(WHAT THIS TASK INVOLVES):
For the entries below, the expected answer is the line with "theory Defs", the line with "n * \<epsilon>", and every line between them, exactly as written, and nothing more.

● ● ●

(* Let $\varepsilon>0$, let $\Omega\subset\mathbb{R}$ be a bounded set with $\operatorname{diam}(\Omega)=D$, and let $\mathcal{X},\mathcal{Y}\subset\Omega$ be disjoint. For $n\ge 0$ and $t\in\mathbb{R}$ define $$\alpha_n(t)=\frac{2^n\varepsilon^{2n}e^{-\varepsilon^2t^2}t^n}{n!},\qquad \beta_n(t)=e^{-\varepsilon^2t^2}t^n .$$ Let $\delta>0$. If the integer $r\ge 0$ satisfies $$r>\max\Big\{\log_2\!\Big(\frac{e^{2\varepsilon^2D^2}}{\delta}\Big)-1,\; 12\varepsilon^2D^2-1\Big\},$$ then for every $\bar x\in\mathcal{X}$, every $x\in\mathcal{X}$ and every $y\in\mathcal{Y}$, $$\Big|e^{-\varepsilon^2(x-y)^2}-\sum_{n=0}^{r}\alpha_n(x-\bar x)\,\beta_n(y-\bar x)\Big|<\delta .$$
   Context: Here $\operatorname{diam}(\Omega)=\sup_{u,v\in\Omega}|u-v|$. Note that $\sum_{n=0}^\infty\alpha_n(x-\bar x)\beta_n(y-\bar x)=e^{-\varepsilon^2(x-y)^2}$ (Taylor expansion of the exponential). *)

theory Defs
  imports "HOL-Analysis.Analysis"
begin

definition alpha_n :: "real \<Rightarrow> nat \<Rightarrow> real \<Rightarrow> real" where
  "alpha_n \<epsilon> n t = (2 ^ n * \<epsilon> ^ (2 * n) * exp (- (\<epsilon>\<^sup>2 * t\<^sup>2)) * t ^ n) / fact n"

definition beta_n :: "real \<Rightarrow> nat \<Rightarrow> real \<Rightarrow> real" where
  "beta_n \<epsilon> n t = exp (- (\<epsilon>\<^sup>2 * t\<^sup>2)) * t ^ n"

end

theory Submission
  imports Defs
begin

text \<open>
  With \<open>a = x - xbar\<close> and \<open>b = y - xbar\<close> we have
  \<open>exp (-\<epsilon>\<^sup>2(a - b)\<^sup>2) = exp (-\<epsilon>\<^sup>2a\<^sup>2) exp (-\<epsilon>\<^sup>2b\<^sup>2) exp (2\<epsilon>\<^sup>2ab)\<close>, and the
  \<open>n\<close>-th summand \<open>alpha_n \<epsilon> n a * beta_n \<epsilon> n b\<close> is the first two factors times the
  \<open>n\<close>-th Taylor term of the third. The first two factors are at most 1, so the error is
  bounded by the Taylor remainder of \<open>exp z\<close> after \<open>N = r + 1\<close> terms, where
  \<open>|z| \<le> c = 2\<epsilon>\<^sup>2D\<^sup>2\<close>. Using \<open>fact (i + N) \<ge> fact i * fact N\<close> and
  \<open>fact N \<ge> (N/e)\<^sup>N \<ge> (2c)\<^sup>N\<close> (as \<open>N > 6c\<close>), that remainder is at most
  \<open>exp c / 2\<^sup>N\<close>, which is below \<open>\<delta>\<close> by the logarithmic condition on \<open>r\<close>.
\<close>

lemma power_div_fact_le_exp:
  fixes x :: real
  assumes "x \<ge> 0"
  shows "x ^ n / fact n \<le> exp x"
proof -
  have exp_sums: "(\<lambda>n. x ^ n / fact n) sums exp x"
    using exp_converges[of x] by (simp add: divide_inverse_commute)
  have "(\<Sum>k\<in>{n}. x ^ k / fact k) \<le> (\<Sum>k. x ^ k / fact k)"
    by (rule sum_le_suminf) (use exp_sums assms in \<open>auto simp: sums_summable\<close>)
  then show ?thesis
    using sums_unique[OF exp_sums] by simp
qed

lemma power_div_exp1_le_fact: "(real n / exp 1) ^ n \<le> fact n"
proof -
  have "real n ^ n / fact n \<le> exp (real n)"
    by (rule power_div_fact_le_exp) simp
  also have "exp (real n) = exp 1 ^ n"
    by (simp add: exp_of_nat_mult[symmetric])
  finally show ?thesis
    by (simp add: power_divide field_simps)
qed

lemma fact_mult_fact_le_fact_add: "fact m * fact n \<le> (fact (m + n) :: 'a :: linordered_semidom)"
proof -
  have "fact m * fact n \<le> (fact (m + n) :: nat)"
    by (rule dvd_imp_le[OF fact_fact_dvd_fact]) simp
  then show ?thesis
    by (metis of_nat_fact of_nat_le_iff of_nat_mult)
qed

lemma exp_taylor_remainder_le:
  fixes z c :: real
  assumes z_le: "\<bar>z\<bar> \<le> c" and N_ge: "2 * exp 1 * c \<le> real N"
  shows "\<bar>exp z - (\<Sum>n<N. z ^ n / fact n)\<bar> \<le> exp c / 2 ^ N"
proof -
  have c_nonneg: "c \<ge> 0"
    using z_le by linarith
  define f where "f n = z ^ n / fact n" for n
  define g where "g n = c ^ n / fact n / 2 ^ N" for n
  have "f sums exp z"
    unfolding f_def using exp_converges[of z] by (simp add: divide_inverse_commute)
  then have tail_sums: "(\<lambda>i. f (i + N)) sums (exp z - (\<Sum>i<N. f i))"
    by (simp add: sums_iff_shift)
  have g_sums: "g sums (exp c / 2 ^ N)"
    unfolding g_def using exp_converges[of c]
    by (intro sums_divide) (simp add: divide_inverse_commute)
  have "(2 * c) ^ N \<le> (real N / exp 1) ^ N"
    using c_nonneg N_ge by (intro power_mono) (auto simp: field_simps)
  also have "\<dots> \<le> fact N"
    by (rule power_div_exp1_le_fact)
  finally have cN_small: "c ^ N / fact N \<le> 1 / 2 ^ N"
    by (simp add: power_mult_distrib field_simps)
  have tail_le: "\<bar>f (i + N)\<bar> \<le> g i" for i
  proof -
    have "\<bar>f (i + N)\<bar> = \<bar>z\<bar> ^ (i + N) / fact (i + N)"
      by (simp add: f_def abs_divide power_abs)
    also have "\<dots> \<le> c ^ (i + N) / fact (i + N)"
      using z_le by (intro divide_right_mono power_mono) auto
    also have "\<dots> \<le> c ^ (i + N) / (fact i * fact N)"
      by (rule divide_left_mono[OF fact_mult_fact_le_fact_add]) (auto simp: c_nonneg)
    also have "\<dots> = c ^ i / fact i * (c ^ N / fact N)"
      by (simp add: power_add)
    also have "\<dots> \<le> c ^ i / fact i * (1 / 2 ^ N)"
      using cN_small c_nonneg by (intro mult_left_mono) auto
    finally show ?thesis
      by (simp add: g_def)
  qed
  have abs_summable: "summable (\<lambda>i. \<bar>f (i + N)\<bar>)"
    by (rule summable_comparison_test'[OF sums_summable[OF g_sums], of 0]) (simp add: tail_le)
  have "\<bar>exp z - (\<Sum>i<N. f i)\<bar> = \<bar>\<Sum>i. f (i + N)\<bar>"
    using sums_unique[OF tail_sums] by simp
  also have "\<dots> \<le> (\<Sum>i. \<bar>f (i + N)\<bar>)"
    by (rule summable_rabs[OF abs_summable])
  also have "\<dots> \<le> (\<Sum>i. g i)"
    by (rule suminf_le[OF tail_le abs_summable sums_summable[OF g_sums]])
  also have "\<dots> = exp c / 2 ^ N"
    using sums_unique[OF g_sums] by simp
  finally show ?thesis
    by (simp add: f_def)
qed

lemma gaussian_kernel_factor:
  fixes \<epsilon> a b :: real
  shows "exp (- (\<epsilon>\<^sup>2 * (a - b)\<^sup>2)) =
    exp (- (\<epsilon>\<^sup>2 * a\<^sup>2)) * exp (- (\<epsilon>\<^sup>2 * b\<^sup>2)) * exp (2 * \<epsilon>\<^sup>2 * a * b)"
  by (simp only: exp_add[symmetric]) (simp add: power2_eq_square algebra_simps)

lemma alpha_n_mult_beta_n:
  "alpha_n \<epsilon> n a * beta_n \<epsilon> n b =
    exp (- (\<epsilon>\<^sup>2 * a\<^sup>2)) * exp (- (\<epsilon>\<^sup>2 * b\<^sup>2)) * ((2 * \<epsilon>\<^sup>2 * a * b) ^ n / fact n)"
  unfolding alpha_n_def beta_n_def
  by (simp add: power_mult_distrib power_mult[symmetric] mult.commute[of 2 n] field_simps)

lemma gaussian_expansion_error_le:
  "\<bar>exp (- (\<epsilon>\<^sup>2 * (a - b)\<^sup>2)) - (\<Sum>n<N. alpha_n \<epsilon> n a * beta_n \<epsilon> n b)\<bar>
    \<le> \<bar>exp z - (\<Sum>n<N. z ^ n / fact n)\<bar>"
  if "z = 2 * \<epsilon>\<^sup>2 * a * b"
proof -
  define E where "E = exp (- (\<epsilon>\<^sup>2 * a\<^sup>2)) * exp (- (\<epsilon>\<^sup>2 * b\<^sup>2))"
  have "- (\<epsilon>\<^sup>2 * a\<^sup>2) + - (\<epsilon>\<^sup>2 * b\<^sup>2) \<le> 0"
    by (intro add_nonpos_nonpos) simp_all
  then have E_le_1: "E \<le> 1"
    unfolding E_def exp_add[symmetric] by simp
  moreover have "\<bar>exp (- (\<epsilon>\<^sup>2 * (a - b)\<^sup>2)) - (\<Sum>n<N. alpha_n \<epsilon> n a * beta_n \<epsilon> n b)\<bar>
      = E * \<bar>exp z - (\<Sum>n<N. z ^ n / fact n)\<bar>"
    unfolding gaussian_kernel_factor alpha_n_mult_beta_n that sum_distrib_left[symmetric]
      right_diff_distrib[symmetric] abs_mult E_def
    by simp
  ultimately show ?thesis
    using mult_right_mono[OF E_le_1 abs_ge_zero] by simp
qed

lemma divide_power2_less_of_log_less:
  fixes A \<delta> :: real
  assumes "A > 0" "\<delta> > 0" "log 2 (A / \<delta>) < real N"
  shows "A / 2 ^ N < \<delta>"
proof -
  have "A / \<delta> < 2 powr real N"
    using assms log_less_iff[of 2 "A / \<delta>"] by simp
  then have "A / \<delta> < 2 ^ N"
    by (subst (asm) powr_realpow) auto
  then show ?thesis
    using assms(2) by (simp add: field_simps)
qed

theorem lemma1:
  fixes \<epsilon> D \<delta> :: real and \<Omega> X Y :: "real set" and r :: nat
  assumes "\<epsilon> > 0"
    and "bounded \<Omega>" and "diameter \<Omega> = D"
    and "X \<subseteq> \<Omega>" and "Y \<subseteq> \<Omega>" and "X \<inter> Y = {}"
    and "\<delta> > 0"
    and "real r > max (log 2 (exp (2 * \<epsilon>\<^sup>2 * D\<^sup>2) / \<delta>) - 1) (12 * \<epsilon>\<^sup>2 * D\<^sup>2 - 1)"
  shows "\<forall>xbar\<in>X. \<forall>x\<in>X. \<forall>y\<in>Y.
    \<bar>exp (- (\<epsilon>\<^sup>2 * (x - y)\<^sup>2)) - (\<Sum>n = 0..r. alpha_n \<epsilon> n (x - xbar) * beta_n \<epsilon> n (y - xbar))\<bar> < \<delta>"
proof (intro ballI)
  fix xbar x y assume "xbar \<in> X" "x \<in> X" "y \<in> Y"
  define a b c where "a = x - xbar" and "b = y - xbar" and "c = 2 * \<epsilon>\<^sup>2 * D\<^sup>2"
  have "\<bar>a\<bar> \<le> D" "\<bar>b\<bar> \<le> D"
    using diameter_bounded_bound[OF assms(2)] \<open>xbar \<in> X\<close> \<open>x \<in> X\<close> \<open>y \<in> Y\<close> assms(3-5)
    by (force simp: a_def b_def dist_real_def)+
  then have "2 * \<epsilon>\<^sup>2 * (\<bar>a\<bar> * \<bar>b\<bar>) \<le> 2 * \<epsilon>\<^sup>2 * (D * D)"
    by (intro mult_left_mono mult_mono) simp_all
  then have z_le: "\<bar>2 * \<epsilon>\<^sup>2 * a * b\<bar> \<le> c"
    by (simp add: c_def abs_mult power2_eq_square mult.assoc)
  have "2 * exp 1 * c \<le> 2 * 3 * c"
    using exp_le by (intro mult_right_mono) (auto simp: c_def)
  moreover have "6 * c < real (Suc r)"
    using assms(8) by (simp add: c_def)
  ultimately have "\<bar>exp (2 * \<epsilon>\<^sup>2 * a * b) - (\<Sum>n<Suc r. (2 * \<epsilon>\<^sup>2 * a * b) ^ n / fact n)\<bar>
      \<le> exp c / 2 ^ Suc r"
    by (intro exp_taylor_remainder_le[OF z_le]) linarith
  moreover have "exp c / 2 ^ Suc r < \<delta>"
    using assms(7,8) by (intro divide_power2_less_of_log_less) (simp_all add: c_def)
  moreover have "{0..r} = {..<Suc r}" "x - y = a - b"
    by (auto simp: a_def b_def)
  ultimately show "\<bar>exp (- (\<epsilon>\<^sup>2 * (x - y)\<^sup>2)) - (\<Sum>n = 0..r. alpha_n \<epsilon> n (x - xbar) * beta_n \<epsilon> n (y - xbar))\<bar> < \<delta>"
    using gaussian_expansion_error_le[OF refl, of \<epsilon> a b "Suc r"]
    unfolding a_def[symmetric] b_def[symmetric] by simp
qed

end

● ● ●

(ANSWER FOR THE TASK):
theory Defs
  imports "HOL-Analysis.Analysis"
begin

definition alpha_n :: "real \<Rightarrow> nat \<Rightarrow> real \<Rightarrow> real" where
  "alpha_n \<epsilon> n t = (2 ^ n * \<epsilon> ^ (2 * n) * exp (- (\<epsilon>\<^sup>2 * t\<^sup>2)) * t ^ n) / fact n"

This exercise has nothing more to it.